The required result is a line count: how many lines in this data hold the word "assms". Give only that.

━━━━

lemma rel_bounds_mono: "A \<subseteq> A' \<Longrightarrow> rel_bounds B A n \<subseteq> rel_bounds B A' n"
  unfolding rel_bounds_eq using Inf_mono by blast

lemma add_subgroup_rel_cycles:
  "add_subgroup (rel_cycles B A n :: ('v::linorder set \<Rightarrow> 'g::ab_group_add) set)"
proof (rule add_subgroupI)
  show "0 \<in> rel_cycles B A n" by (simp add: rel_cycles_def)
  fix x y :: "'v set \<Rightarrow> 'g" assume xy: "x \<in> rel_cycles B A n" "y \<in> rel_cycles B A n"
  then have "x \<in> Inf B n" "y \<in> Inf B n" by (simp_all add: rel_cycles_def)
  then have "bd (x + y) = bd x + bd y" by (rule bd_add_Inf)
  then show "x + y \<in> rel_cycles B A n"
    using xy by (auto simp: rel_cycles_def Inf_add)
next
  fix x :: "'v set \<Rightarrow> 'g" assume x: "x \<in> rel_cycles B A n"
  then have "bd (- x) = - bd x" by (auto simp: rel_cycles_def bd_uminus Inf_finite_chain)
  then show "- x \<in> rel_cycles B A n"
    using x by (auto simp: rel_cycles_def Inf_uminus)
qed

lemma add_subgroup_rel_bounds:
  "add_subgroup (rel_bounds B A n :: ('v::linorder set \<Rightarrow> 'g::ab_group_add) set)"
proof (rule add_subgroupI)
  show "0 \<in> rel_bounds B A n" by simp
  fix x y :: "'v set \<Rightarrow> 'g" assume "x \<in> rel_bounds B A n" "y \<in> rel_bounds B A n"
  then obtain d a d' a' where xy: "x = bd d + a" "y = bd d' + a'"
    "d \<in> Inf B (Suc n)" "d' \<in> Inf B (Suc n)" "a \<in> Inf A n" "a' \<in> Inf A n"
    unfolding rel_bounds_eq by blast
  have "bd (d + d') = bd d + bd d'" by (rule bd_add_Inf[OF xy(3,4)])
  then have "x + y = bd (d + d') + (a + a')" using xy(1,2) by (simp add: algebra_simps)
  then show "x + y \<in> rel_bounds B A n"
    using xy unfolding rel_bounds_eq by (blast intro: Inf_add)
next
  fix x :: "'v set \<Rightarrow> 'g" assume "x \<in> rel_bounds B A n"
  then obtain d a where x: "x = bd d + a" "d \<in> Inf B (Suc n)" "a \<in> Inf A n"
    unfolding rel_bounds_eq by blast
  then have "- x = bd (- d) + (- a)"
    by (simp add: bd_uminus Inf_finite_chain)
  then show "- x \<in> rel_bounds B A n"
    using x unfolding rel_bounds_eq by (blast intro: Inf_uminus)
qed

lemma rel_bounds_subset_rel_cycles:
  assumes "A \<subseteq> B"
  shows "rel_bounds B A n \<subseteq> rel_cycles B A n"
proof
  fix x assume "x \<in> rel_bounds B A n"
  then obtain d a where x: "x = bd d + a" "d \<in> Inf B (Suc n)" "a \<in> Inf A n"
    unfolding rel_bounds_eq by blast
  have "a \<in> Inf B n" using x(3) Inf_mono[OF assms] by blast
  then have "x \<in> Inf B n" using x bd_Inf Inf_add by blast
  moreover have "bd x = bd a"
    using bd_add_Inf[OF bd_Inf[OF x(2)] x(3)] bd_bd_Inf[OF x(2)] x(1) by simp
  moreover have "n = 0 \<or> bd a \<in> Inf A (n - 1)"
    using x(3) bd_Inf[of a A "n - 1"] by (cases n) auto
  ultimately show "x \<in> rel_cycles B A n" by (simp add: rel_cycles_def)
qed

lemma cycle_group_eq: "cycle_group B A n = additive_group (rel_cycles B A n)"
  unfolding cycle_group_def additive_group_def by (simp add: plus_fun_def zero_fun_def fun_eq_iff)

lemma rel_emb_homology_eq:
  "rel_emb_homology B A n = additive_group (rel_cycles B A n) Mod rel_bounds B A n"
  by (simp add: rel_emb_homology_def cycle_group_eq)

lemma group_rel_emb_homology: "A \<subseteq> B \<Longrightarrow> group (rel_emb_homology B A n)"
  unfolding rel_emb_homology_eq
  by (intro group_quotient_additive_group add_subgroup_rel_cycles add_subgroup_rel_bounds
      rel_bounds_subset_rel_cycles)

lemma quotient_map_inclusion:
  assumes "A \<subseteq> A'" "A' \<subseteq> B"
  shows "quotient_map (rel_cycles B A n) (rel_bounds B A n) (rel_cycles B A' n) (rel_bounds B A' n)
    (id :: ('v::linorder set \<Rightarrow> 'g::ab_group_add) \<Rightarrow> _)"
proof unfold_locales
  fix x :: "'v set \<Rightarrow> 'g" assume "x \<in> rel_cycles B A n"
  then show "id x \<in> rel_cycles B A' n" using rel_cycles_mono[OF assms(1), of B n] by auto
next
  fix t :: "'v set \<Rightarrow> 'g" assume "t \<in> rel_bounds B A n"
  then show "id t \<in> rel_bounds B A' n" using rel_bounds_mono[OF assms(1), of B n] by auto
qed (use assms in \<open>auto simp: add_subgroup_rel_cycles add_subgroup_rel_bounds
      intro!: rel_bounds_subset_rel_cycles\<close>)

lemma quotient_map_boundary:
  assumes "A \<subseteq> B"
  shows "quotient_map (rel_cycles B A (Suc p)) (rel_bounds B A (Suc p)) (rel_cycles A {} p)
    (rel_bounds A {} p) (bd :: ('v::linorder set \<Rightarrow> 'g::ab_group_add) \<Rightarrow> _)"
proof unfold_locales
  fix x :: "'v set \<Rightarrow> 'g" assume "x \<in> rel_cycles B A (Suc p)"
  then show "bd x \<in> rel_cycles A {} p"
    by (simp add: rel_cycles_Suc rel_cycles_empty bd_bd_Inf[of x B "Suc p"])
next
  fix x y :: "'v set \<Rightarrow> 'g" assume "x \<in> rel_cycles B A (Suc p)" "y \<in> rel_cycles B A (Suc p)"
  then have "x \<in> Inf B (Suc p)" "y \<in> Inf B (Suc p)" by (simp_all add: rel_cycles_Suc)
  then show "bd (x + y) = bd x + bd y" by (rule bd_add_Inf)
next
  fix t :: "'v set \<Rightarrow> 'g" assume "t \<in> rel_bounds B A (Suc p)"
  then obtain d a where t: "t = bd d + a" "d \<in> Inf B (Suc (Suc p))" "a \<in> Inf A (Suc p)"
    unfolding rel_bounds_eq by blast
  then have "bd t = bd a"
    using bd_add_Inf[OF bd_Inf[OF t(2)] t(3)] bd_bd_Inf[OF t(2)] by simp
  then show "bd t \<in> rel_bounds A {} p" using t(3) by (simp add: rel_bounds_empty)
qed (use assms in \<open>auto simp: add_subgroup_rel_cycles add_subgroup_rel_bounds
      intro!: rel_bounds_subset_rel_cycles\<close>)
(* Let $(G_1,v_1)$ and $(G_2,v_2)$ be connected graphs with distinguished vertices whose path metrics are conditionally strictly negative definite. Then the path metric on the free product graph $G_1\ast G_2$ is conditionally strictly negative definite.
   Context: For rooted graphs $G_i=(V_i,E_i)$ with roots $v_i$ ($i=1,2$), the free product $G_1\ast G_2$ has vertex set consisting of the empty word $e$ and all words $s_1s_2\cdots s_m$ ($m\geq1$) with $s_k\in V_{i_k}\setminus\{v_{i_k}\}$ and $i_k\neq i_{k+1}$ for all $k$. Its edges are the pairs $\{wu,w'u\}$ where $\{w,w'\}\in E_i$ for some $i$, $u$ is such a word (possibly empty) whose first letter does not lie in $V_i$, and where $wu$ (resp. $w'u$) is read as $u$ if $w=v_i$ (resp. $w'=v_i$). The path metric of a connected graph is the shortest-path distance on its vertex set. A symmetric real function $K$ on $V\times V$ is conditionally strictly negative definite if for every finitely supported $\lambda\colon V\to\mathbb{C}$, $\lambda\neq0$, with $\sum_v\lambda(v)=0$ one has $\sum_{x,y}\lambda(x)\overline{\lambda(y)}K(x,y)<0$. *)

theory Defs
  imports Complex_Main
begin

definition graph :: "'a set \<Rightarrow> 'a set set \<Rightarrow> bool" where
  "graph V E \<longleftrightarrow> (\<forall>e\<in>E. \<exists>x y. x \<noteq> y \<and> x \<in> V \<and> y \<in> V \<and> e = {x, y})"

definition walk :: "'a set set \<Rightarrow> 'a list \<Rightarrow> bool" where
  "walk E xs \<longleftrightarrow> xs \<noteq> [] \<and> (\<forall>i. Suc i < length xs \<longrightarrow> {xs ! i, xs ! Suc i} \<in> E)"

definition connected_graph :: "'a set \<Rightarrow> 'a set set \<Rightarrow> bool" where
  "connected_graph V E \<longleftrightarrow> V \<noteq> {} \<and>
     (\<forall>x\<in>V. \<forall>y\<in>V. \<exists>xs. walk E xs \<and> hd xs = x \<and> last xs = y)"

definition path_dist :: "'a set set \<Rightarrow> 'a \<Rightarrow> 'a \<Rightarrow> nat" where
  "path_dist E x y = (LEAST n. \<exists>xs. walk E xs \<and> hd xs = x \<and> last xs = y \<and> length xs = Suc n)"

definition cond_strict_neg_def :: "'a set \<Rightarrow> ('a \<Rightarrow> 'a \<Rightarrow> real) \<Rightarrow> bool" where
  "cond_strict_neg_def V K \<longleftrightarrow>
     (\<forall>x\<in>V. \<forall>y\<in>V. K x y = K y x) \<and>
     (\<forall>lam :: 'a \<Rightarrow> complex.
        finite {x. lam x \<noteq> 0} \<longrightarrow> {x. lam x \<noteq> 0} \<subseteq> V \<longrightarrow> {x. lam x \<noteq> 0} \<noteq> {} \<longrightarrow>
        (\<Sum>x\<in>{x. lam x \<noteq> 0}. lam x) = 0 \<longrightarrow>
        (let q = (\<Sum>x\<in>{x. lam x \<noteq> 0}. \<Sum>y\<in>{x. lam x \<noteq> 0}.
                    lam x * cnj (lam y) * complex_of_real (K x y))
         in q \<in> \<real> \<and> Re q < 0))"

text \<open>Free product of rooted graphs. Words are lists over Inl (letters of G1) and
  Inr (letters of G2); the empty word is the root e.\<close>
definition fp_vertices :: "'a set \<Rightarrow> 'a \<Rightarrow> 'b set \<Rightarrow> 'b \<Rightarrow> ('a + 'b) list set" where
  "fp_vertices V1 v1 V2 v2 =
     {w. (\<forall>c\<in>set w. case c of Inl s \<Rightarrow> s \<in> V1 - {v1} | Inr s \<Rightarrow> s \<in> V2 - {v2}) \<and>
         (\<forall>k. Suc k < length w \<longrightarrow> isl (w ! k) \<noteq> isl (w ! Suc k))}"

definition prefix1 :: "'a \<Rightarrow> 'a \<Rightarrow> ('a + 'b) list \<Rightarrow> ('a + 'b) list" where
  "prefix1 v1 w u = (if w = v1 then u else Inl w # u)"

definition prefix2 :: "'b \<Rightarrow> 'b \<Rightarrow> ('a + 'b) list \<Rightarrow> ('a + 'b) list" where
  "prefix2 v2 w u = (if w = v2 then u else Inr w # u)"

definition fp_edges :: "'a set \<Rightarrow> 'a set set \<Rightarrow> 'a \<Rightarrow> 'b set \<Rightarrow> 'b set set \<Rightarrow> 'b
    \<Rightarrow> ('a + 'b) list set set" where
  "fp_edges V1 E1 v1 V2 E2 v2 =
     {{prefix1 v1 w u, prefix1 v1 w' u} | w w' u.
        {w, w'} \<in> E1 \<and> u \<in> fp_vertices V1 v1 V2 v2 \<and> (u = [] \<or> \<not> isl (hd u))}
   \<union> {{prefix2 v2 w u, prefix2 v2 w' u} | w w' u.
        {w, w'} \<in> E2 \<and> u \<in> fp_vertices V1 v1 V2 v2 \<and> (u = [] \<or> isl (hd u))}"

end

theory Submission
  imports Defs "HOL-Library.Sublist"
begin

text \<open>
  Read a word of \<open>G1 * G2\<close> level by level: for each suffix \<open>u\<close>, the letter immediately
  preceding \<open>u\<close> is a vertex of \<open>G1\<close> or of \<open>G2\<close>; \<open>fp_proj1 v1 u x\<close> and \<open>fp_proj2 v2 u x\<close>
  are these vertices (the roots when the letter is missing or lies in the other factor).
  A walk in the free product changes one such letter at a time, and a geodesic from \<open>x\<close> to a
  word \<open>y\<close> that is no longer is obtained by moving the first letter of \<open>x\<close> inside its factor,
  either straight to the first letter of \<open>y\<close> (if the two words differ only there) or back to the
  root. Hence the path metric is the sum over all levels \<open>u\<close> of the distances in \<open>G1\<close> and
  \<open>G2\<close> between the projections at \<open>u\<close>.

  Consequently the quadratic form of \<open>lam\<close> splits into a sum over levels of quadratic forms of
  the push-forwards of \<open>lam\<close> along the projections, each nonpositive by hypothesis. If \<open>c # u\<close>
  is a longest word in the support of \<open>lam\<close>, the push-forward at level \<open>u\<close> gives the vertex
  \<open>c\<close> the weight \<open>lam (c # u)\<close> alone, so that summand is strictly negative.
\<close>

lemma graph_edge_in_vertices: "graph V E \<Longrightarrow> {x, y} \<in> E \<Longrightarrow> x \<in> V \<and> y \<in> V"
  unfolding graph_def by (metis doubleton_eq_iff)

lemma walk_Cons_Cons: "walk E (a # b # xs) \<longleftrightarrow> {a, b} \<in> E \<and> walk E (b # xs)"
  unfolding walk_def by (auto simp: All_less_Suc2 less_Suc_eq_0_disj)

lemma walk_singleton [simp]: "walk E [x]"
  by (simp add: walk_def)

lemma walk_append:
  "walk E xs \<Longrightarrow> walk E ys \<Longrightarrow> last xs = hd ys \<Longrightarrow> walk E (xs @ tl ys)"
proof (induction xs rule: induct_list012)
  case 1 then show ?case by (simp add: walk_def)
next
  case (2 x) then show ?case by (cases ys) auto
next
  case (3 x y zs) then show ?case by (simp add: walk_Cons_Cons)
qed

lemma walk_rev: "walk E xs \<Longrightarrow> walk E (rev xs)"
proof (induction xs rule: induct_list012)
  case (3 a b xs)
  then have "walk E (rev (b # xs))" "walk E [b, a]"
    by (simp_all add: walk_Cons_Cons insert_commute)
  from walk_append[OF this] show ?case by simp
qed simp_all

definition has_walk :: "'a set set \<Rightarrow> 'a \<Rightarrow> 'a \<Rightarrow> nat \<Rightarrow> bool" where
  "has_walk E x y n \<longleftrightarrow> (\<exists>xs. walk E xs \<and> hd xs = x \<and> last xs = y \<and> length xs = Suc n)"

lemma path_dist_eq_Least: "path_dist E x y = (LEAST n. has_walk E x y n)"
  by (simp add: path_dist_def has_walk_def)

lemma has_walk_refl: "has_walk E x x 0"
  unfolding has_walk_def by (intro exI[of _ "[x]"]) simp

━━━━

Output for this exercise -
5